(Stored data)
____________________

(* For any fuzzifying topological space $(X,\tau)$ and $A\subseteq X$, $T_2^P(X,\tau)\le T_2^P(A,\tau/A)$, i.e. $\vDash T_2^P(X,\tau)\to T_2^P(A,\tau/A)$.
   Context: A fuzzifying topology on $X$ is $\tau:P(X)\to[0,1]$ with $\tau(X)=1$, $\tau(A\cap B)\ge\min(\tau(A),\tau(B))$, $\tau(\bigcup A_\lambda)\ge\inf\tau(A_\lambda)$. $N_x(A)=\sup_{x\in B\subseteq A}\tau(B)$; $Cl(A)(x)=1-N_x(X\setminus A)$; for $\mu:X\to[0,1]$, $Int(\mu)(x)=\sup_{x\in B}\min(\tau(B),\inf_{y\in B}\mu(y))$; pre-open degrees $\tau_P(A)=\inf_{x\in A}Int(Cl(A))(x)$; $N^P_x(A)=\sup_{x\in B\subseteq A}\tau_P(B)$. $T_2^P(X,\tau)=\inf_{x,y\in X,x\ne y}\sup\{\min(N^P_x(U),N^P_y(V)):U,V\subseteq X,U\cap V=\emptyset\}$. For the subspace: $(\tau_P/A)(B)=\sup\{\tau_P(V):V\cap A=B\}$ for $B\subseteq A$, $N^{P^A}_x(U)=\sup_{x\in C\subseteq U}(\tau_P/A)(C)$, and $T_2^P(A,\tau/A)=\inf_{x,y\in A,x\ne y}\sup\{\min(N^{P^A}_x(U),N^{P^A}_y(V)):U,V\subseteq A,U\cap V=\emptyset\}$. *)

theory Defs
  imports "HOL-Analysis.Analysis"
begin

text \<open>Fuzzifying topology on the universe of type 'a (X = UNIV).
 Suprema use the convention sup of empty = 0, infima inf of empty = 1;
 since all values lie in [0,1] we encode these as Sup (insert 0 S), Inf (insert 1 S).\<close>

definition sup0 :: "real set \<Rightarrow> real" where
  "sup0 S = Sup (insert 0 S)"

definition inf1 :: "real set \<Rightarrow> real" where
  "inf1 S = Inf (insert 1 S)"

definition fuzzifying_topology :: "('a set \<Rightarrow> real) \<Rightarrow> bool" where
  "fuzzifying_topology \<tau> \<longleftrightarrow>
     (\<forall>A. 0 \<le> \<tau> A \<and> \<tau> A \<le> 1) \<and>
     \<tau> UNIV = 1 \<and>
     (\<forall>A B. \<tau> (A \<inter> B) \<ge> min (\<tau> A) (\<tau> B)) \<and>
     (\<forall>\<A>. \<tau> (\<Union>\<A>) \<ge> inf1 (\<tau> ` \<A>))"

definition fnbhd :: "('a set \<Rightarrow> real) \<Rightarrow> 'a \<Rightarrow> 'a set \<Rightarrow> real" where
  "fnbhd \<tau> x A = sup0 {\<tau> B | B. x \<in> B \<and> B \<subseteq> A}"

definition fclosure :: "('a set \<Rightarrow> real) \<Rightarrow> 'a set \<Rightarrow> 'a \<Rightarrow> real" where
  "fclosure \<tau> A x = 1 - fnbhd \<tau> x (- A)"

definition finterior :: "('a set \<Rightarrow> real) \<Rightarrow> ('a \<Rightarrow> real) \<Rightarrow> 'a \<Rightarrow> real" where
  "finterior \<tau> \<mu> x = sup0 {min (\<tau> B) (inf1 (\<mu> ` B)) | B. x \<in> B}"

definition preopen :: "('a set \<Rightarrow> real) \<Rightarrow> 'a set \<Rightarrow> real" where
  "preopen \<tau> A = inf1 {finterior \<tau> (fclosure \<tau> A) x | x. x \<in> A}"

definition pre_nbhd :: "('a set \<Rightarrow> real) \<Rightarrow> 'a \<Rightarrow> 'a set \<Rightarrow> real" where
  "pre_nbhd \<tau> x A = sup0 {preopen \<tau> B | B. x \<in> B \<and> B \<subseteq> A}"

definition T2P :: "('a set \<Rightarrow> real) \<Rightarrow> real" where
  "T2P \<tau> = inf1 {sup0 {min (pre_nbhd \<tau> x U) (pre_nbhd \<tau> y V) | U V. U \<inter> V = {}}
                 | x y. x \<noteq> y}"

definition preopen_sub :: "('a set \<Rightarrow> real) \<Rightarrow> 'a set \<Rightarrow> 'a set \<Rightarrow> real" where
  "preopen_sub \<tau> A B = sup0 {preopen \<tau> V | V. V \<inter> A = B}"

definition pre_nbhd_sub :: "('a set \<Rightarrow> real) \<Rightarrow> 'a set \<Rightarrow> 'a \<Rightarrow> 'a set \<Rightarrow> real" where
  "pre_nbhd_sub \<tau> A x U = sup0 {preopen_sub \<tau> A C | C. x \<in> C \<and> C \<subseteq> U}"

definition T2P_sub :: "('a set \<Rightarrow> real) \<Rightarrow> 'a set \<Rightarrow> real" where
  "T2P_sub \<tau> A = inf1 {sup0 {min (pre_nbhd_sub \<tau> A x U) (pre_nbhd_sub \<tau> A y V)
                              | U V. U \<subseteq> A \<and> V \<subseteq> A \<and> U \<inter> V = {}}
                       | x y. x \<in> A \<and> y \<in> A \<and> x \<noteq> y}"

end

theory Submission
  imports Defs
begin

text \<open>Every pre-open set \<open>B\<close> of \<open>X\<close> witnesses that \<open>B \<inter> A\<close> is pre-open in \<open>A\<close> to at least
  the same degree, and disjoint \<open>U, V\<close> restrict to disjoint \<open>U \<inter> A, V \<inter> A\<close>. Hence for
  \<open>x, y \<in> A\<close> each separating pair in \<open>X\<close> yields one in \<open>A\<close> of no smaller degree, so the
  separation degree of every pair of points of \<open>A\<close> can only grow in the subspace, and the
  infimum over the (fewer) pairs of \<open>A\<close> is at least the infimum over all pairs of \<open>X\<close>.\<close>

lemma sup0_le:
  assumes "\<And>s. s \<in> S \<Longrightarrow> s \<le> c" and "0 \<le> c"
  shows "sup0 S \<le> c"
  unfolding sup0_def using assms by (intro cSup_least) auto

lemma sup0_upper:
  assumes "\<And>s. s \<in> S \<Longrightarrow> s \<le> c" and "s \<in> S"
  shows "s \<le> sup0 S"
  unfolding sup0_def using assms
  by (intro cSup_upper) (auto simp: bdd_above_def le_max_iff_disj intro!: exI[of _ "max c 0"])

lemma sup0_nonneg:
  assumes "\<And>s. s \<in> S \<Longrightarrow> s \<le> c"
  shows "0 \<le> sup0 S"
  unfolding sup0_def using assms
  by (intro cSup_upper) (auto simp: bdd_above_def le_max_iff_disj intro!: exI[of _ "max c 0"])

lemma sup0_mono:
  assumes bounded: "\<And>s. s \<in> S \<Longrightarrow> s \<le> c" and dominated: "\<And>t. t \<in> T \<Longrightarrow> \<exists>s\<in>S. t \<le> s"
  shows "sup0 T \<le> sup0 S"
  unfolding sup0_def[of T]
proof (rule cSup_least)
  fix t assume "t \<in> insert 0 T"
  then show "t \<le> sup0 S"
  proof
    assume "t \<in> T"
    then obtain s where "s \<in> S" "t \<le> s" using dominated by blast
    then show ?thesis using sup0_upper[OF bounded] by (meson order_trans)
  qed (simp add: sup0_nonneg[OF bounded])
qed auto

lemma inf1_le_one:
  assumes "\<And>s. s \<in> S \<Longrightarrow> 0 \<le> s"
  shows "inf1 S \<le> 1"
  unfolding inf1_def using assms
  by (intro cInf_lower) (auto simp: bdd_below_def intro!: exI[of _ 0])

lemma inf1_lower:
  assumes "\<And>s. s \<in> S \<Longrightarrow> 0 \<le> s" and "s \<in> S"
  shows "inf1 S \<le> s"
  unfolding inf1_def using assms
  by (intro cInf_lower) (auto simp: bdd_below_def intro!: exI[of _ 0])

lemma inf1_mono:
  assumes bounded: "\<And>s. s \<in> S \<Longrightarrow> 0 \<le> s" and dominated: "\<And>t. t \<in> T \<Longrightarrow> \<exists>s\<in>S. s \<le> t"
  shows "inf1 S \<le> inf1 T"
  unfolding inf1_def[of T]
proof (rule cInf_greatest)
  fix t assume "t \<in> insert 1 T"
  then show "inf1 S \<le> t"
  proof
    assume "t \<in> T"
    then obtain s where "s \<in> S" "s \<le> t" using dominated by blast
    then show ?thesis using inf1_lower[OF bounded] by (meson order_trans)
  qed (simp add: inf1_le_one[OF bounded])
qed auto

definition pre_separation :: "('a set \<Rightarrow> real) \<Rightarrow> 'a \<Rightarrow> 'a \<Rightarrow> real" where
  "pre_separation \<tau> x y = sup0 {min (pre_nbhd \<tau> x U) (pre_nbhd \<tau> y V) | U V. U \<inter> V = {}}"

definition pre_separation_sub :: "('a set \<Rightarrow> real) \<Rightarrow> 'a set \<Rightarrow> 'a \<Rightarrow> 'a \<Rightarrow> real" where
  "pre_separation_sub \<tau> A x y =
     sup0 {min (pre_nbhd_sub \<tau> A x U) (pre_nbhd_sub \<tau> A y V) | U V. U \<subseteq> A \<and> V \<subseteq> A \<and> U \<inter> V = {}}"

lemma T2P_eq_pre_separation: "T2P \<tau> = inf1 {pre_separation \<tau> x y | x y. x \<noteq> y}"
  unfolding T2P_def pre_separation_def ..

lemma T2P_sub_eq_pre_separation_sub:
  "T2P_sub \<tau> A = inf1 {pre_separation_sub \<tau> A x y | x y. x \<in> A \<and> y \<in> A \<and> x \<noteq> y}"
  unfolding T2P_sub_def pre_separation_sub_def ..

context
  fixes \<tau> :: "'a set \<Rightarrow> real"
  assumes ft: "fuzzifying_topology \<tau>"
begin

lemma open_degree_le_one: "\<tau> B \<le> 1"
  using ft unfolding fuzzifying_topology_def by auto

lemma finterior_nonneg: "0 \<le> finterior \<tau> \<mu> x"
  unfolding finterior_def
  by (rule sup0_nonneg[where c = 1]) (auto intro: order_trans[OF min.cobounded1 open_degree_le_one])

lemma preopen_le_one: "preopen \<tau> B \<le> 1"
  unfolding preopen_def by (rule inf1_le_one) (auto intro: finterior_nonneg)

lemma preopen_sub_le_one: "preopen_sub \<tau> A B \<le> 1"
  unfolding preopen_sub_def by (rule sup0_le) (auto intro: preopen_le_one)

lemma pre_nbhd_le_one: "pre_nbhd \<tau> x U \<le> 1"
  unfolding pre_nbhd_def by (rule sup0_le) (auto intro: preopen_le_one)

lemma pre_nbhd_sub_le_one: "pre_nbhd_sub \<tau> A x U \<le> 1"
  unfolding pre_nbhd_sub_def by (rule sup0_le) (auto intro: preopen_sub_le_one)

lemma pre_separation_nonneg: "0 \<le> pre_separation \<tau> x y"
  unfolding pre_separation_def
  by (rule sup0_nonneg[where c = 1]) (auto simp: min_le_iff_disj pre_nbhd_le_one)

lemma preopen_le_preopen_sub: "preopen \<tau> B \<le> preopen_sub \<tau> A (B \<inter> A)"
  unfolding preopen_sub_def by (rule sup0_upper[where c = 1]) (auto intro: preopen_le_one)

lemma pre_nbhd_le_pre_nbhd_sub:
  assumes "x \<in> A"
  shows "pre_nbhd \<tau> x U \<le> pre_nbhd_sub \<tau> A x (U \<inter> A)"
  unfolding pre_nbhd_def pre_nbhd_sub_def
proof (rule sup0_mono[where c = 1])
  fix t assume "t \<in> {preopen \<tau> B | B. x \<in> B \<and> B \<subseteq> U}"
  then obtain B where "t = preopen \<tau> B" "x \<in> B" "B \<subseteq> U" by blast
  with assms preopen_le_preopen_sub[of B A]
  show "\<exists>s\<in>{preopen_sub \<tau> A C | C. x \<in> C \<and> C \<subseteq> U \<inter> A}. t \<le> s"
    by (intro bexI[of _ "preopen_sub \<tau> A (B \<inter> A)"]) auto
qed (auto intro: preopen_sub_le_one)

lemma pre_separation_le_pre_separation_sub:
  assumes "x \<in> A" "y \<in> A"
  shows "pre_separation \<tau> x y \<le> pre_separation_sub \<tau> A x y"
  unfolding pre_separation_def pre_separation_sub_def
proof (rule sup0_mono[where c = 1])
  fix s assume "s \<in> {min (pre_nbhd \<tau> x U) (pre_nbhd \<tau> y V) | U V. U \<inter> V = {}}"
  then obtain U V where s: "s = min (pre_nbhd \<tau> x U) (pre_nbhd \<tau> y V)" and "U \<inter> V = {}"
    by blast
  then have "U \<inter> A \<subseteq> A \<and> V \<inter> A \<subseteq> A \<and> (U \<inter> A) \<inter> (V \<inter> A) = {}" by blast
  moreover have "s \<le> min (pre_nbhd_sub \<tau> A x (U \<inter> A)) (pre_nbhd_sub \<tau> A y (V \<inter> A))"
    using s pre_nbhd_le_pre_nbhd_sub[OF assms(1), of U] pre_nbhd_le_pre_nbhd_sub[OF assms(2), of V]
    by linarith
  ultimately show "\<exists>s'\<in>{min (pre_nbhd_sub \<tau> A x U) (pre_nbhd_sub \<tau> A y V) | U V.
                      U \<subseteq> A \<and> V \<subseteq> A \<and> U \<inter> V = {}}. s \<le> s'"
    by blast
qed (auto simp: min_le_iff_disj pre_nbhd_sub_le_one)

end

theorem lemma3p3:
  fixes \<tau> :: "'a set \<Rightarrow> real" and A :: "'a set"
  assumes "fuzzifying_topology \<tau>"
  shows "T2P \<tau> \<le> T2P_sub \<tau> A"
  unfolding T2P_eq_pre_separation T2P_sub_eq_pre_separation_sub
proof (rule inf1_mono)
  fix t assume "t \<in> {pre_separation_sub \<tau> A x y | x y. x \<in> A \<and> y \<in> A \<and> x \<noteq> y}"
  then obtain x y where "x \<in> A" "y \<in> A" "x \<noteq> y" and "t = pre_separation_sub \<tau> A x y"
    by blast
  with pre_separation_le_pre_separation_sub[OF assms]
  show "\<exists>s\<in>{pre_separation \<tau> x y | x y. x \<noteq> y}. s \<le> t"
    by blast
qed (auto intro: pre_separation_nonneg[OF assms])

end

____________________

The expected result is every line above containing the string "exists".

__RESULT BELOW__
  assumes bounded: "\<And>s. s \<in> S \<Longrightarrow> s \<le> c" and dominated: "\<And>t. t \<in> T \<Longrightarrow> \<exists>s\<in>S. t \<le> s"
  assumes bounded: "\<And>s. s \<in> S \<Longrightarrow> 0 \<le> s" and dominated: "\<And>t. t \<in> T \<Longrightarrow> \<exists>s\<in>S. s \<le> t"
  show "\<exists>s\<in>{preopen_sub \<tau> A C | C. x \<in> C \<and> C \<subseteq> U \<inter> A}. t \<le> s"
  ultimately show "\<exists>s'\<in>{min (pre_nbhd_sub \<tau> A x U) (pre_nbhd_sub \<tau> A y V) | U V.
  show "\<exists>s\<in>{pre_separation \<tau> x y | x y. x \<noteq> y}. s \<le> t"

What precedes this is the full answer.